Find some round stock that is the height of the peak that you want to add. For the lowbuck project shown I pulled the hood insulation bows from the underside of the hood and cut the rolled ends off and viola .3/16 dia. Steel rod the is 50 years old just like the hood. Some call this being a cheap ass but I prefer to call it recycling. Find the center lines of the hood in roughly 4 spots. Mark the centerlines with a pencil. Lay the round stock on these lines starting at the back of the hood. Clamp the rod type and start tack welding at the back of the hood. I found that if you tack one side only the rod will pull as it cools so I tacked both sides immediately to keep the rod straight. Notice how the rod bows as the weld cools. Pressing down hard while welding will keep this from happening.

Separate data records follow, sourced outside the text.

(* Let $\{X(s)\}_{s\ge 0}$ be a centered Gaussian process with continuous sample paths whose covariance kernel $R(s,t)=\mathbb{E}[X(s)X(t)]$ satisfies: there exists $\rho>0$ such that $R(cs,ct)=c^{2\rho}R(s,t)$ for all $c>0$ and $s,t>0$. Suppose moreover that for all sufficiently large $\alpha>1$, setting $t_n=\alpha^n$ and $\gamma_n=\mathrm{Var}(X(t_{n+1})-X(t_n))$, one has \[ \mathbb{P}\Big(X(t_{n+1})-X(t_n)>\big(2\gamma_n\log\log t_{n+1}\big)^{1/2}\ \text{for infinitely many } n\Big)=1. \] Then, with $\sigma:=R(1,1)^{1/2}$, \[ \limsup_{s\to\infty}\frac{X(s)}{\sqrt{2s^{2\rho}\log\log s}}\ge\sigma\quad\text{almost surely}. \] *)

theory Defs
  imports "HOL-Probability.Probability"
begin

definition centered_normal_rv :: "'a measure \<Rightarrow> ('a \<Rightarrow> real) \<Rightarrow> bool" where
  "centered_normal_rv M Y \<longleftrightarrow> Y \<in> borel_measurable M \<and>
     ((AE \<omega> in M. Y \<omega> = 0) \<or>
      (\<exists>\<sigma>>0. distributed M lborel Y (normal_density 0 \<sigma>)))"

definition centered_gaussian_process ::
    "'a measure \<Rightarrow> (real \<Rightarrow> 'a \<Rightarrow> real) \<Rightarrow> real set \<Rightarrow> bool" where
  "centered_gaussian_process M X I \<longleftrightarrow>
     (\<forall>ts cs. set ts \<subseteq> I \<longrightarrow> length cs = length ts \<longrightarrow>
        centered_normal_rv M (\<lambda>\<omega>. \<Sum>i<length ts. cs ! i * X (ts ! i) \<omega>))"

definition cov_kernel :: "'a measure \<Rightarrow> (real \<Rightarrow> 'a \<Rightarrow> real) \<Rightarrow> real \<Rightarrow> real \<Rightarrow> real" where
  "cov_kernel M X s t = (\<integral>\<omega>. X s \<omega> * X t \<omega> \<partial>M)"

definition rv_variance :: "'a measure \<Rightarrow> ('a \<Rightarrow> real) \<Rightarrow> real" where
  "rv_variance M Y = (\<integral>\<omega>. (Y \<omega> - (\<integral>\<omega>'. Y \<omega>' \<partial>M))\<^sup>2 \<partial>M)"

end

theory Submission
  imports Defs "HOL-Real_Asymp.Real_Asymp"
begin

text \<open>Fix \<open>\<alpha> > 1\<close>, and put \<open>t\<^sub>n = \<alpha>\<^sup>n\<close>, \<open>a = \<alpha>\<^sup>\<rho>\<close>, \<open>\<sigma>\<^sup>2 = R(1,1)\<close>, and let
  \<open>D(s) = sqrt (2 s\<^sup>2\<^sup>\<rho> log log s)\<close> be the LIL normaliser. By self-similarity \<open>X(t\<^sub>n)\<close> has
  standard deviation \<open>\<sigma> t\<^sub>n\<^sup>\<rho>\<close>, so the Gaussian tail bound and Borel-Cantelli give
  \<open>|X(t\<^sub>n)| \<le> 2 \<sigma> t\<^sub>n\<^sup>\<rho> sqrt (log log t\<^sub>n) \<le> (sqrt 2 / a) \<sigma> D(t\<^sub>n\<^sub>+\<^sub>1)\<close> eventually.
  A weighted AM-GM bound on the covariance shows that the increment \<open>X(t\<^sub>n\<^sub>+\<^sub>1) - X(t\<^sub>n)\<close>
  has standard deviation at least \<open>\<sigma> t\<^sub>n\<^sup>\<rho> (a - 1)\<close>, so its threshold in the hypothesis is at
  least \<open>(1 - 1/a) \<sigma> D(t\<^sub>n\<^sub>+\<^sub>1)\<close>. Hence \<open>X(t\<^sub>n\<^sub>+\<^sub>1) \<ge> (1 - (1 + sqrt 2)/a) \<sigma> D(t\<^sub>n\<^sub>+\<^sub>1)\<close>
  infinitely often, and letting \<open>\<alpha> \<rightarrow> \<infinity>\<close> yields the claim.\<close>

lemma std_normal_tail_le:
  assumes Z: "distributed M lborel Z std_normal_density" and x: "1 \<le> x"
  shows "emeasure M {\<omega>\<in>space M. x \<le> Z \<omega>} \<le> exp (- x\<^sup>2 / 2)"
proof -
  let ?F = "\<lambda>t. - exp (- t\<^sup>2 / 2) / sqrt (2 * pi)"
  have "emeasure M {\<omega>\<in>space M. x \<le> Z \<omega>} = (\<integral>\<^sup>+t\<in>{x..}. std_normal_density t \<partial>lborel)"
    using distributed_emeasure[OF Z, of "{x..}"] by (simp add: vimage_def Int_def conj_commute)
  also have "\<dots> \<le> (\<integral>\<^sup>+t. ennreal (t * std_normal_density t) * indicator {x..} t \<partial>lborel)"
    using x by (intro nn_integral_mono) (auto split: split_indicator intro!: ennreal_leI
        simp: mult_le_cancel_right1 normal_density_nonneg[THEN leD])
  also have "\<dots> = ennreal (0 - ?F x)"
  proof (rule nn_integral_FTC_atLeast)
    show "(?F has_real_derivative t * std_normal_density t) (at t)" for t
      by (auto intro!: derivative_eq_intros simp: std_normal_density_def field_simps)
    show "(?F \<longlongrightarrow> 0) at_top"
      by real_asymp
  qed (use x in auto)
  also have "\<dots> \<le> exp (- x\<^sup>2 / 2)"
    using pi_gt3 by (intro ennreal_leI) (simp add: divide_le_eq)
  finally show ?thesis .
qed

The same procedure is used for the next piece of rod that curves around the nose of the hood. I butted the rod up against the tacked rod and using the same technique tacked it all in place. As you come over the crown of the hood keep pressure on the rod so as the heat from welding weakens it you can start to bend it to match the radius of the hood. Notice the amount of welds needed to keep the rod tight against the hood. Keep the welds very cool and work slowly
Get out the air grinder with a good cutoff wheel and chop the rods off leaving about 1/8 extending past each side of the hood.
The welds arent pretty but they will hold everything in place. I added tack welds about ever inch letting the hood cool in between. Hoods warp very easy so special care needs to be taken to keep everything straight.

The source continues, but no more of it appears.